### EXERCISE PROMPT
A complete answer lists every line of the material where the string "assms" occurs.

### DATA FOR PROCESSING
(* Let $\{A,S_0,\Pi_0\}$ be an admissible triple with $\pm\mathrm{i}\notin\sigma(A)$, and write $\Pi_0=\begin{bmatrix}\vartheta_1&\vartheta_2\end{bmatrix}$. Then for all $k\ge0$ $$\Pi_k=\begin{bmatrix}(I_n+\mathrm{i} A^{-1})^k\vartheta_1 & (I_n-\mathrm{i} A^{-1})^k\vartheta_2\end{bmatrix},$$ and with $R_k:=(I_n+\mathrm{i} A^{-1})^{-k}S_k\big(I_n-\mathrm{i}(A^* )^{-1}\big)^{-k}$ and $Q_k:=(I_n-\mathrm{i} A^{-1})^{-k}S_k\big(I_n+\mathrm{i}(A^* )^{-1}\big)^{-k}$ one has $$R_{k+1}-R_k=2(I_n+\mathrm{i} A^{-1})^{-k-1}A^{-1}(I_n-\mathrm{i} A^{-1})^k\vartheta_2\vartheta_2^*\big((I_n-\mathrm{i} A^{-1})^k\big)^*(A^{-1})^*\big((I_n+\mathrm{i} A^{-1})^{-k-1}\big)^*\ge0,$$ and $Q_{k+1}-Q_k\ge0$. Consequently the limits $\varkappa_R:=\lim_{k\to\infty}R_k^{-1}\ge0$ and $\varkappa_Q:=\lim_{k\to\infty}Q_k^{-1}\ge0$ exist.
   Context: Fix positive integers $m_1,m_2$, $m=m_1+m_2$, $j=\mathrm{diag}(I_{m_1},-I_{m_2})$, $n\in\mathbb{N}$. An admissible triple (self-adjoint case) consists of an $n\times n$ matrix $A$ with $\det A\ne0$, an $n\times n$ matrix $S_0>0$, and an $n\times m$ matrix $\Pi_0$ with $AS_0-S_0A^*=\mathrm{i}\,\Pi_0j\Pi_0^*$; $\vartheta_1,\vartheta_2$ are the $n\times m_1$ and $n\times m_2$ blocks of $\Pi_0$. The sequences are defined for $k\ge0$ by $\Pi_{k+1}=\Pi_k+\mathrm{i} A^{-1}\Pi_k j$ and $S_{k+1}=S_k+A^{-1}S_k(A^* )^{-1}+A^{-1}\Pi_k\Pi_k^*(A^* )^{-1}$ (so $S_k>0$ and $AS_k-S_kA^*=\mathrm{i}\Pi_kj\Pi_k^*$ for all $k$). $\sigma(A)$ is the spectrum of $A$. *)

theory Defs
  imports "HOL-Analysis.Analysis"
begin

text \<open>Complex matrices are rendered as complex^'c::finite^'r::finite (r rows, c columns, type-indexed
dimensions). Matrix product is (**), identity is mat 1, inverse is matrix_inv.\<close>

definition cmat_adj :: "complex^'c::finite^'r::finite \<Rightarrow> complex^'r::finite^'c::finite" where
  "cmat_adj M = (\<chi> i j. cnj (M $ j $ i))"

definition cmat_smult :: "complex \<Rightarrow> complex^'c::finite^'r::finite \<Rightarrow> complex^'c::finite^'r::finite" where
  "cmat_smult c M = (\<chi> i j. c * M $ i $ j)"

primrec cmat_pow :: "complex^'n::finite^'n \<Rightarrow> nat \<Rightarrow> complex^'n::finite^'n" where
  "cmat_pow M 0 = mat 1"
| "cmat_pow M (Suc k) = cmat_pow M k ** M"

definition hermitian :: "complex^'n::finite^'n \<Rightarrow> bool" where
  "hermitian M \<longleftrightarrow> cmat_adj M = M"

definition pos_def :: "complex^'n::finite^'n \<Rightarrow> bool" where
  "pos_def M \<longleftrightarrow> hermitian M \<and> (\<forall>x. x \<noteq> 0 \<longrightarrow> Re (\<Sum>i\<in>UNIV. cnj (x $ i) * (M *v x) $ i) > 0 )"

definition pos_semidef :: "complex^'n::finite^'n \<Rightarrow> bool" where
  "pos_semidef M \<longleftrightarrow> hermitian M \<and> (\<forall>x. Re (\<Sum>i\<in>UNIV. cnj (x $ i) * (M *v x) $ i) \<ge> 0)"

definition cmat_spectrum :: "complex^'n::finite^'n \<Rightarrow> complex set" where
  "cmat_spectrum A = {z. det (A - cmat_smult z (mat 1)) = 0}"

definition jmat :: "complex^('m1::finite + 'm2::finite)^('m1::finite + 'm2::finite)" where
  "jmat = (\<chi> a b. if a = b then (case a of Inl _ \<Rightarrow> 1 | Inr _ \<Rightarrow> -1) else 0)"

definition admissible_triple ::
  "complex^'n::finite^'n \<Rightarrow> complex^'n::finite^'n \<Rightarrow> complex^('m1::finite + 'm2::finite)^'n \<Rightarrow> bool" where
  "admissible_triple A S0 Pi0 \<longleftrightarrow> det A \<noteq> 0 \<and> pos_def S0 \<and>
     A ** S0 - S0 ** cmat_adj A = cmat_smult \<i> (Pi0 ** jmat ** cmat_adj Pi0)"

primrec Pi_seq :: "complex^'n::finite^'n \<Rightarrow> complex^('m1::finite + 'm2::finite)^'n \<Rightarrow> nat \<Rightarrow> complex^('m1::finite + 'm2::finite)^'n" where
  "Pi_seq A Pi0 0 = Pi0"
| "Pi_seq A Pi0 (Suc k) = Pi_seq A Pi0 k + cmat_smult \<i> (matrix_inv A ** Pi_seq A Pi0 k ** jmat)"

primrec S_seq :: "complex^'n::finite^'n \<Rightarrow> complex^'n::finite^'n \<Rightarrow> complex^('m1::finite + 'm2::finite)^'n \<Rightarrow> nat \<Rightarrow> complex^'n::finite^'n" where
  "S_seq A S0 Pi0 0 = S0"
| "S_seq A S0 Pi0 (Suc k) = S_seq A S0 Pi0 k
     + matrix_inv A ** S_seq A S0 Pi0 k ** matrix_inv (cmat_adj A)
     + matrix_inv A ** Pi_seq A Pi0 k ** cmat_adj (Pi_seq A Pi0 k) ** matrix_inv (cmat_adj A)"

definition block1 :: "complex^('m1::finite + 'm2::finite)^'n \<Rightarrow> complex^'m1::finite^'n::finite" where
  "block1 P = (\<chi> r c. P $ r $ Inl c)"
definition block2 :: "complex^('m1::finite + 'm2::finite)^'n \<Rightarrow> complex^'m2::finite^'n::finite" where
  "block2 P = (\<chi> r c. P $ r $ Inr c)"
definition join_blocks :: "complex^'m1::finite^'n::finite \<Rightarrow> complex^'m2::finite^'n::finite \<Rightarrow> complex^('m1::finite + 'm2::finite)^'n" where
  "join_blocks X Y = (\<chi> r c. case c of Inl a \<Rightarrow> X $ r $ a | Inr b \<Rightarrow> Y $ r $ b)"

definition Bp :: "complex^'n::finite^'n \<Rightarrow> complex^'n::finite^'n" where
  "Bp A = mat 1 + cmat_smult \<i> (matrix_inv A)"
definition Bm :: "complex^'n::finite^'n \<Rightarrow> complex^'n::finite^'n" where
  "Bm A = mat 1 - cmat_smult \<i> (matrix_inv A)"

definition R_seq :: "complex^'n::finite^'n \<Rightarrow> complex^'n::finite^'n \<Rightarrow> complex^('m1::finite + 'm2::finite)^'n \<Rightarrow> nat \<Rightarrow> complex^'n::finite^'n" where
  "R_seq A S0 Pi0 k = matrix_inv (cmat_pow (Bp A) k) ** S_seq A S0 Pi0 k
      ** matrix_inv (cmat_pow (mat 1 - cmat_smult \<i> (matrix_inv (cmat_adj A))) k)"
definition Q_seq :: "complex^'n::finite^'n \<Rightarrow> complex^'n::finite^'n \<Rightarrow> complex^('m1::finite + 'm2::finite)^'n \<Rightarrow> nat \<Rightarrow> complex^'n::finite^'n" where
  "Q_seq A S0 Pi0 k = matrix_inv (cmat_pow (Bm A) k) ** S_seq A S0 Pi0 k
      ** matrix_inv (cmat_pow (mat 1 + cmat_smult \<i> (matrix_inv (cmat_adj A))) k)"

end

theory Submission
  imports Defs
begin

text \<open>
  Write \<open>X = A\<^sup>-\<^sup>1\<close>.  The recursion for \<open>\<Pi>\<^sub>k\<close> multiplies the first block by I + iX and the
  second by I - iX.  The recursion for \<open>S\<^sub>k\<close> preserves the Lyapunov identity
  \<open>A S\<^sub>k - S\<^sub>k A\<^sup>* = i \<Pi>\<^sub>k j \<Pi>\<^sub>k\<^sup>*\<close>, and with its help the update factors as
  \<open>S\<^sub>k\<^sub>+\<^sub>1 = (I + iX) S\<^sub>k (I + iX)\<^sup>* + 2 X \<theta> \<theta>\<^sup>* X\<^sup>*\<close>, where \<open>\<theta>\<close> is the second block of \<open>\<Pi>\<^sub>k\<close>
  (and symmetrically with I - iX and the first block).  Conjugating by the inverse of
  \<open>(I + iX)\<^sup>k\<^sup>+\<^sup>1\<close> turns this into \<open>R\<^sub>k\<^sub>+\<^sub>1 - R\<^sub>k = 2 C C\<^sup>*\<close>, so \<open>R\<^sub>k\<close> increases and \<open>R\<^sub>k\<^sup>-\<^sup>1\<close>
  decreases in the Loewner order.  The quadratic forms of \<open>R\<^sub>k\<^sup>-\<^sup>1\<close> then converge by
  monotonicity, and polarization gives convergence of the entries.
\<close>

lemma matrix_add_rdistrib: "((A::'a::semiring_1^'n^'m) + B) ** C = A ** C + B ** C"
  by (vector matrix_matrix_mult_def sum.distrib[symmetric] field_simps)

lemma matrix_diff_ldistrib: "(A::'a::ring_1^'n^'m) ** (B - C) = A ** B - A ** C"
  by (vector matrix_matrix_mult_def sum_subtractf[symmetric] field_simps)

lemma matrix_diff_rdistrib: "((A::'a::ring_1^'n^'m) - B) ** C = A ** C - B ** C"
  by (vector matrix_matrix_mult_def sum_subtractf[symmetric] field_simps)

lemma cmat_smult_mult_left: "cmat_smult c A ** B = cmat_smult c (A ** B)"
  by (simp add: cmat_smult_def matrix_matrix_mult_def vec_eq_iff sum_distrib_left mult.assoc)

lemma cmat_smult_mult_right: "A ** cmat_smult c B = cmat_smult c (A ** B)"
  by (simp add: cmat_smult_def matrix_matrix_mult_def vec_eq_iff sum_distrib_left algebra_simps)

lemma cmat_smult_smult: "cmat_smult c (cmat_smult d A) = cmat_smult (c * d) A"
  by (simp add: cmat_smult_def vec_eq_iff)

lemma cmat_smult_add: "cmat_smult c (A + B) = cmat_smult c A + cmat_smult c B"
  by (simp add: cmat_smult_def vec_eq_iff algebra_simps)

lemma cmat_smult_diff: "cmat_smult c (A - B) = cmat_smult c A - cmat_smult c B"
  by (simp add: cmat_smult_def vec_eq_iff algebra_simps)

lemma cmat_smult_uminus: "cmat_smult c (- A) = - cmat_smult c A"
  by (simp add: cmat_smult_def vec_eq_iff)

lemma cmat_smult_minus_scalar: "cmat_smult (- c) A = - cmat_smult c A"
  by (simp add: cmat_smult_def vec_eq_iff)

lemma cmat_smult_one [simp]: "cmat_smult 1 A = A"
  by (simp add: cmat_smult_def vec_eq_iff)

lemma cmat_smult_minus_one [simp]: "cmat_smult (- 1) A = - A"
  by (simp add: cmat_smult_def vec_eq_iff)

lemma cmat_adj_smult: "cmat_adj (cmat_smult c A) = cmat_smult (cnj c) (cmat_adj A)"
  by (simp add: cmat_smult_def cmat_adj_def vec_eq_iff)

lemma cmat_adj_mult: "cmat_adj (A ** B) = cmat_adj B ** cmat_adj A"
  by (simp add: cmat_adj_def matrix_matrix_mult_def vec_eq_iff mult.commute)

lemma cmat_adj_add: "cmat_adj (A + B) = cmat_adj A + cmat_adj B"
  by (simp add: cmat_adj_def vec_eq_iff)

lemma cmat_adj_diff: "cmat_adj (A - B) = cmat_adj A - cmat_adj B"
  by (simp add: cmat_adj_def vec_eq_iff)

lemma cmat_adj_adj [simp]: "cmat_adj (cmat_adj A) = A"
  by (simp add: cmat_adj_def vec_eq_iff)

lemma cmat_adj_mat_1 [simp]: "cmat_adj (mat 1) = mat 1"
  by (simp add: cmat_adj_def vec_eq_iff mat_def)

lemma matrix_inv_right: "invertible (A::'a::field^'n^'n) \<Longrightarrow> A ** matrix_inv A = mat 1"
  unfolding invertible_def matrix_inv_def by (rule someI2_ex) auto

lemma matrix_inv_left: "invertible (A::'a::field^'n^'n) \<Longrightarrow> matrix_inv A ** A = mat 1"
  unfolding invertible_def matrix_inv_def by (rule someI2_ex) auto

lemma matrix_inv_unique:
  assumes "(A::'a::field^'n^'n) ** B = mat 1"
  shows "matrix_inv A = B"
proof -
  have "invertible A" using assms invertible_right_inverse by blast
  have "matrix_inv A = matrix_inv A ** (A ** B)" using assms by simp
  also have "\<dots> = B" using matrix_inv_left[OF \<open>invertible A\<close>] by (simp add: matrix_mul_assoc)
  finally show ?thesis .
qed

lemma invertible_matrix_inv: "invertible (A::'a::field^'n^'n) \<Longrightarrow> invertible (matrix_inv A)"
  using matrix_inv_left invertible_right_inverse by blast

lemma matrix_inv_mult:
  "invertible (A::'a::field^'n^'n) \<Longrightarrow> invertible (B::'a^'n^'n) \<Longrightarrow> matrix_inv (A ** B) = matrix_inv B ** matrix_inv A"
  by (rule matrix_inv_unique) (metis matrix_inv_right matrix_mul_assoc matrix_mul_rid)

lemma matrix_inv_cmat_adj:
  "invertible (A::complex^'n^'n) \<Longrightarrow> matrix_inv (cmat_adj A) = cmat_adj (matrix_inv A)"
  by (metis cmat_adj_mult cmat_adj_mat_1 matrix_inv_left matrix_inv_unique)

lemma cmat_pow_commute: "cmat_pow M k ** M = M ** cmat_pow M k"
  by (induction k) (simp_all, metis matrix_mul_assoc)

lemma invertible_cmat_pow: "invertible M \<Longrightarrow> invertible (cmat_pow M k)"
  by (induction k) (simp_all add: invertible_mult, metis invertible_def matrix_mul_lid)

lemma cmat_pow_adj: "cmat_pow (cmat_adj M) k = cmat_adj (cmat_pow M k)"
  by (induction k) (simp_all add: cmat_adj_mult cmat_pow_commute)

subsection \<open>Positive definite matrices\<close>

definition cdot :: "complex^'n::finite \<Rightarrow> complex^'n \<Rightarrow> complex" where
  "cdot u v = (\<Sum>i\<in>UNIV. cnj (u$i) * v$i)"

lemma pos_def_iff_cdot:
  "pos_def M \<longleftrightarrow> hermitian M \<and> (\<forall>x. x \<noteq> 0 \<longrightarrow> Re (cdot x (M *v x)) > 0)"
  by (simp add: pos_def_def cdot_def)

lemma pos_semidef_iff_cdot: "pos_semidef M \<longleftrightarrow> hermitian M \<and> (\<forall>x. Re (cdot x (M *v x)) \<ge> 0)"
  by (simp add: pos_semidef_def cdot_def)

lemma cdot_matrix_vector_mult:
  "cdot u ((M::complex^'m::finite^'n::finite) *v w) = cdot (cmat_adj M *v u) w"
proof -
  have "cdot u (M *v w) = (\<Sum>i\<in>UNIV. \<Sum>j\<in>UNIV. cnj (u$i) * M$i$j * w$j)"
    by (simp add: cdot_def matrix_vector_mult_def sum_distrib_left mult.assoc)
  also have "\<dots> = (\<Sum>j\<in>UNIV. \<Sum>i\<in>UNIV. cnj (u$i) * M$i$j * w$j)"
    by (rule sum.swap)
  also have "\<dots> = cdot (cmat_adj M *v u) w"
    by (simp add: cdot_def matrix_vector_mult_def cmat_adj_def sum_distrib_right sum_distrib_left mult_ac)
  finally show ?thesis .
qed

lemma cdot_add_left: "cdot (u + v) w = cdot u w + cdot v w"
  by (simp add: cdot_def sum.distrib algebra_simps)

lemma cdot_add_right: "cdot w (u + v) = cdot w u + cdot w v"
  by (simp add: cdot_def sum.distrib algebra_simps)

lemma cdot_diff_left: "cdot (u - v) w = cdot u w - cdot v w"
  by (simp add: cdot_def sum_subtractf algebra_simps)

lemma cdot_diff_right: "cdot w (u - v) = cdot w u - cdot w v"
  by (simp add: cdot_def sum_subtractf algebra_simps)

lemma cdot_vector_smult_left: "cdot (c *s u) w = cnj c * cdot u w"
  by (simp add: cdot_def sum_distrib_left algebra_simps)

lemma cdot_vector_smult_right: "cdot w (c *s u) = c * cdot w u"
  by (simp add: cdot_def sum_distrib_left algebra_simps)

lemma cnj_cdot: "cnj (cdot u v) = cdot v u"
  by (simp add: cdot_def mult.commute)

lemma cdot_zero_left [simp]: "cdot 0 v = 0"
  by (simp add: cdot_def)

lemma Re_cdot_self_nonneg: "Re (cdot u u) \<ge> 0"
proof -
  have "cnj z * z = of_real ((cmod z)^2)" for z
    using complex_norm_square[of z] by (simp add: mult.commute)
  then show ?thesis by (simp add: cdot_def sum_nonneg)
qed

### OUTPUT BELOW
  have "invertible A" using assms invertible_right_inverse by blast
  have "matrix_inv A = matrix_inv A ** (A ** B)" using assms by simp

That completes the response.